Our high-risk courier program was developed for similar reasons and utilized our internal volunteer program to ensure our members had the supplies that they needed.

Our volunteers delivered needed medication, cleaning supplies, paperwork for applications, and medical supplies for home monitoring such as blood pressure cuffs, pulse oximeters, and thermometers.

These programs were leveraged for our other markets, and as the situation in Brooklyn stabilized, community coalitions were developed and the city and other resources started to come together. This has allowed our programs to become more sustainable over time and strengthened our partnerships in the community.

Make sure your members know you’re there for them — even if it has to be virtually.

With our members isolated in their homes, and many expressing symptoms of anxiety and difficulty coping, we developed care team-driven virtual programs to create community and reduce stress.

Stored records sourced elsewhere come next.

(* Consider the following kinetic transport model. Let $\{Z_k\}_{k\ge1}$ be a Markov chain on the two states $\{\mathrm{F},\mathrm{A}\}$ with initial distribution $\lambda=(\lambda_{\mathrm F},\lambda_{\mathrm A})$ and transition matrix $$\begin{pmatrix}1-a & a\\ b & 1-b\end{pmatrix}$$ (rows and columns indexed by $\mathrm F,\mathrm A$), $a,b\in[0,1]$. Let $K_n=\sum_{k=1}^n \mathbf 1_{\{Z_k=\mathrm F\}}$. Independently of $\{Z_k\}$, let $(X_k,Y_k)_{k\ge1}$ be i.i.d. with $$P((X_k,Y_k)=(1,j))=\alpha,\qquad P((X_k,Y_k)=(-1,j))=\beta\qquad (j=\pm1),$$ where $\alpha,\beta\ge0$, $\alpha+\beta=1/2$. Let $\tilde S(n)=(\tilde S_X(n),\tilde S_Y(n))=\sum_{k=1}^{K_n}(X_k+1,Y_k)$ and $n\ge1$. Then the conditional variance $\operatorname{Var}(\tilde S_Y(n)\mid \tilde S_X(n)=2x)$ is an increasing (non-decreasing) function of $x\in\{0,1,\dots,n\}$.
   Context: Conditional variances are considered for conditioning events of positive probability. *)

theory Defs
  imports "HOL-Probability.Probability"
begin

text \<open>States of the chain: True = F, False = A.
  Path of the chain for steps 2..m+1, given the current state s.
  From F the next state is F with prob 1-a; from A it is F with prob b.\<close>
fun mc_from :: "real \<Rightarrow> real \<Rightarrow> nat \<Rightarrow> bool \<Rightarrow> bool list pmf" where
  "mc_from a b 0 s = return_pmf []"
| "mc_from a b (Suc m) s =
     do { s' \<leftarrow> bernoulli_pmf (if s then 1 - a else b);
          rest \<leftarrow> mc_from a b m s';
          return_pmf (s' # rest) }"

definition markov_path :: "real \<Rightarrow> real \<Rightarrow> real \<Rightarrow> nat \<Rightarrow> bool list pmf" where
  "markov_path lF a b n =
     (if n = 0 then return_pmf []
      else do { z1 \<leftarrow> bernoulli_pmf lF;
                rest \<leftarrow> mc_from a b (n - 1) z1;
                return_pmf (z1 # rest) })"

definition xy_pmf :: "real \<Rightarrow> real \<Rightarrow> (int \<times> int) pmf" where
  "xy_pmf \<alpha> \<beta> = embed_pmf (\<lambda>(x, y).
      if y = 1 \<or> y = -1 then (if x = 1 then \<alpha> else if x = -1 then \<beta> else 0) else 0)"

text \<open>Joint law of (Z_1..Z_n) and the independent iid sequence (X_k,Y_k)_{k\<le>n}
  (only the first K_n \<le> n steps are ever used).\<close>
definition model :: "real \<Rightarrow> real \<Rightarrow> real \<Rightarrow> real \<Rightarrow> real \<Rightarrow> nat
    \<Rightarrow> (bool list \<times> (int \<times> int) list) pmf" where
  "model lF a b \<alpha> \<beta> n = pair_pmf (markov_path lF a b n) (replicate_pmf n (xy_pmf \<alpha> \<beta>))"

definition K_n :: "bool list \<Rightarrow> nat" where
  "K_n zs = length (filter id zs)"

definition SX :: "bool list \<times> (int \<times> int) list \<Rightarrow> int" where
  "SX \<omega> = sum_list (map (\<lambda>(x, y). x + 1) (take (K_n (fst \<omega>)) (snd \<omega>)))"

definition SY :: "bool list \<times> (int \<times> int) list \<Rightarrow> int" where
  "SY \<omega> = sum_list (map (\<lambda>(x, y). y) (take (K_n (fst \<omega>)) (snd \<omega>)))"

definition cond_var_SY :: "real \<Rightarrow> real \<Rightarrow> real \<Rightarrow> real \<Rightarrow> real \<Rightarrow> nat \<Rightarrow> nat \<Rightarrow> real" where
  "cond_var_SY lF a b \<alpha> \<beta> n x =
     measure_pmf.variance (cond_pmf (model lF a b \<alpha> \<beta> n) {\<omega>. SX \<omega> = 2 * int x})
       (\<lambda>\<omega>. real_of_int (SY \<omega>))"

end

theory Submission
  imports Defs
begin

text \<open>Given \<open>K\<^sub>n = k\<close>, only the first \<open>k\<close> i.i.d. steps matter: \<open>S\<^sub>X/2\<close> is binomial with
  parameters \<open>k\<close> and \<open>2\<alpha>\<close>, and \<open>S\<^sub>Y\<close> is a sum of \<open>k\<close> symmetric signs independent of the
  \<open>X\<close>'s. So given \<open>K\<^sub>n = k\<close> and \<open>S\<^sub>X = 2x\<close>, \<open>S\<^sub>Y\<close> has mean \<open>0\<close> and second moment \<open>k\<close>, whence
  \<open>Var(S\<^sub>Y | S\<^sub>X = 2x) = E(K\<^sub>n | S\<^sub>X = 2x)\<close>: the mean of the posterior of \<open>K\<^sub>n\<close>, whose weights
  are \<open>P(K\<^sub>n = k) (k choose x) (2\<alpha>)\<^sup>x (2\<beta>)\<^sup>k\<^sup>-\<^sup>x\<close>. The binomial kernel is totally positive of
  order 2 in \<open>(k, x)\<close>, so these posteriors increase in the likelihood ratio order with \<open>x\<close>,
  and so do their means.\<close>

abbreviation E :: "'a pmf \<Rightarrow> ('a \<Rightarrow> real) \<Rightarrow> real" where
  "E p f \<equiv> measure_pmf.expectation p f"

lemma expectation_pmf_finite:
  assumes "finite (set_pmf p)"
  shows "E p f = (\<Sum>x\<in>set_pmf p. pmf p x * f x)"
  using integral_measure_pmf[OF assms, of p f] by simp

lemma expectation_bind_pmf_finite:
  assumes fp: "finite (set_pmf p)" and ff: "\<And>x. x \<in> set_pmf p \<Longrightarrow> finite (set_pmf (f x))"
  shows "E (bind_pmf p f) g = E p (\<lambda>x. E (f x) g)"
proof -
  define S where "S = (\<Union>x\<in>set_pmf p. set_pmf (f x))"
  have fS: "finite S" using fp ff unfolding S_def by auto
  have "E (bind_pmf p f) g = (\<Sum>y\<in>S. pmf (bind_pmf p f) y * g y)"
    using expectation_pmf_finite[of "bind_pmf p f" g] fS by (simp add: S_def set_bind_pmf)
  also have "\<dots> = (\<Sum>y\<in>S. (\<Sum>x\<in>set_pmf p. pmf p x * pmf (f x) y) * g y)"
    by (intro sum.cong refl) (simp add: pmf_bind expectation_pmf_finite[OF fp])
  also have "\<dots> = (\<Sum>x\<in>set_pmf p. pmf p x * (\<Sum>y\<in>S. pmf (f x) y * g y))"
    by (simp add: sum_distrib_left sum_distrib_right mult.assoc sum.swap[of _ S])
  also have "\<dots> = (\<Sum>x\<in>set_pmf p. pmf p x * E (f x) g)"
  proof (intro sum.cong refl)
    fix x assume x: "x \<in> set_pmf p"
    have "E (f x) g = (\<Sum>y\<in>S. pmf (f x) y *\<^sub>R g y)"
      by (rule integral_measure_pmf[OF fS]) (use x in \<open>auto simp: S_def\<close>)
    then show "pmf p x * (\<Sum>y\<in>S. pmf (f x) y * g y) = pmf p x * E (f x) g" by simp
  qed
  also have "\<dots> = E p (\<lambda>x. E (f x) g)" using expectation_pmf_finite[OF fp] by simp
  finally show ?thesis .
qed

lemma expectation_pair_pmf_finite:
  assumes "finite (set_pmf p)" "finite (set_pmf q)"
  shows "E (pair_pmf p q) f = (\<Sum>x\<in>set_pmf p. pmf p x * E q (\<lambda>y. f (x, y)))"
  unfolding pair_pmf_def
  by (simp add: expectation_bind_pmf_finite assms expectation_pmf_finite[OF assms(1)])

lemma expectation_cond_pmf_finite:
  assumes fin: "finite (set_pmf p)" and ne: "set_pmf p \<inter> s \<noteq> {}"
  shows "E (cond_pmf p s) f = E p (\<lambda>\<omega>. f \<omega> * indicator s \<omega>) / measure_pmf.prob p s"
proof -
  have "E (cond_pmf p s) f = (\<Sum>a\<in>set_pmf p. pmf (cond_pmf p s) a *\<^sub>R f a)"
    by (rule integral_measure_pmf[OF fin]) (use ne in auto)
  also have "\<dots> = (\<Sum>a\<in>set_pmf p. pmf p a * (f a * indicator s a)) / measure_pmf.prob p s"
    by (auto simp: pmf_cond[OF ne] sum_divide_distrib indicator_def intro!: sum.cong)
  also have "\<dots> = E p (\<lambda>\<omega>. f \<omega> * indicator s \<omega>) / measure_pmf.prob p s"
    by (simp add: expectation_pmf_finite[OF fin])
  finally show ?thesis .
qed

lemma choose_mult_choose_le:
  fixes x y l k :: nat
  assumes "x \<le> y" "y \<le> l" "l \<le> k"
  shows "(l choose y) * (k choose x) \<le> (l choose x) * (k choose y)"
  using assms(3)
proof (induction k rule: dec_induct)
  case base then show ?case by (simp add: mult.commute)
next
  case (step k)
  define a where "a = Suc k - x"
  define b where "b = Suc k - y"
  have ba: "b \<le> a" and b0: "0 < b" using assms step by (auto simp: a_def b_def)
  have ea: "a * (Suc k choose x) = Suc k * (k choose x)"
    using binomial_absorb_comp[of "Suc k" x] by (simp add: a_def)
  have eb: "b * (Suc k choose y) = Suc k * (k choose y)"
    using binomial_absorb_comp[of "Suc k" y] by (simp add: b_def)
  have "(a * b) * ((l choose y) * (Suc k choose x)) = b * Suc k * ((l choose y) * (k choose x))"
    using ea by (metis mult.assoc mult.left_commute)
  also have "\<dots> \<le> b * Suc k * ((l choose x) * (k choose y))"
    using step.IH by simp
  also have "\<dots> \<le> a * Suc k * ((l choose x) * (k choose y))"
    using mult_le_mono1[OF ba, of "Suc k"] by (rule mult_right_mono) simp
  also have "\<dots> = (a * b) * ((l choose x) * (Suc k choose y))"
    using eb by (metis mult.assoc mult.left_commute)
  finally show ?case using b0 ba by (simp add: mult_le_cancel1)
qed

definition binom_weight :: "real \<Rightarrow> real \<Rightarrow> nat \<Rightarrow> nat \<Rightarrow> real" where
  "binom_weight p q k x = real (k choose x) * p ^ x * q ^ (k - x)"

lemma binom_weight_nonneg: "0 \<le> p \<Longrightarrow> 0 \<le> q \<Longrightarrow> 0 \<le> binom_weight p q k x"
  by (simp add: binom_weight_def)

lemma binom_weight_Suc_0: "binom_weight p q (Suc k) 0 = q * binom_weight p q k 0"
  by (simp add: binom_weight_def)

lemma binom_weight_Suc_Suc:
  "binom_weight p q (Suc k) (Suc x) = p * binom_weight p q k x + q * binom_weight p q k (Suc x)"
proof (cases "Suc x \<le> k")
  case True
  then have "Suc k - Suc x = Suc (k - Suc x)" "k - x = Suc (k - Suc x)" by auto
  then show ?thesis unfolding binom_weight_def by (simp add: algebra_simps)
next
  case False
  then show ?thesis unfolding binom_weight_def by (simp add: algebra_simps)
qed

lemma binom_weight_TP2:
  assumes pq: "0 \<le> p" "0 \<le> q" and "l \<le> k" "x \<le> y"
  shows "binom_weight p q l y * binom_weight p q k x \<le> binom_weight p q l x * binom_weight p q k y"
proof (cases "y \<le> l")
  case False
  then have "binom_weight p q l y = 0" by (simp add: binom_weight_def)
  then show ?thesis using binom_weight_nonneg[OF pq] by simp
next
  case True
  have exps: "(l - y) + (k - x) = (l - x) + (k - y)" using True assms by simp
  have choose: "real ((l choose y) * (k choose x)) \<le> real ((l choose x) * (k choose y))"
    using choose_mult_choose_le[OF assms(4) True assms(3)] by linarith
  have "binom_weight p q l y * binom_weight p q k x
      = real ((l choose y) * (k choose x)) * (p ^ (x + y) * q ^ ((l - y) + (k - x)))"
    by (simp add: binom_weight_def power_add algebra_simps)
  also have "\<dots> = real ((l choose y) * (k choose x)) * (p ^ (x + y) * q ^ ((l - x) + (k - y)))"
    by (simp only: exps)
  also have "\<dots> \<le> real ((l choose x) * (k choose y)) * (p ^ (x + y) * q ^ ((l - x) + (k - y)))"
    using choose pq by (intro mult_right_mono) simp_all
  also have "\<dots> = binom_weight p q l x * binom_weight p q k y"
    by (simp add: binom_weight_def power_add algebra_simps)
  finally show ?thesis .
qed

These included sessions on insomnia, tai chi, salsa dancing, chair Zumba, and nutrition classes. We also offered support groups around anxiety, as well as individual sessions with a counselor for short term support. Our community forums allow our members space to ask questions, help one another, and request information about resources.

Lastly, trust your teams who are closest to the work as they best understand these members’ on-going needs

Empowering our care teams to conceptualize and launch new programming is how we will continue to most effectively and efficiently reach and engage our members. Our care teams build relationships with our members based on trust and respect — and know the needs of our members best.

We will continue to show up for our members by delivering personalized care and services. We are available to them not only in their homes and communities but also 24/7 via the phone, video calls, and over text. Through our data-driven approach, we strive to ensure that the right members are receiving the right resources at the right time.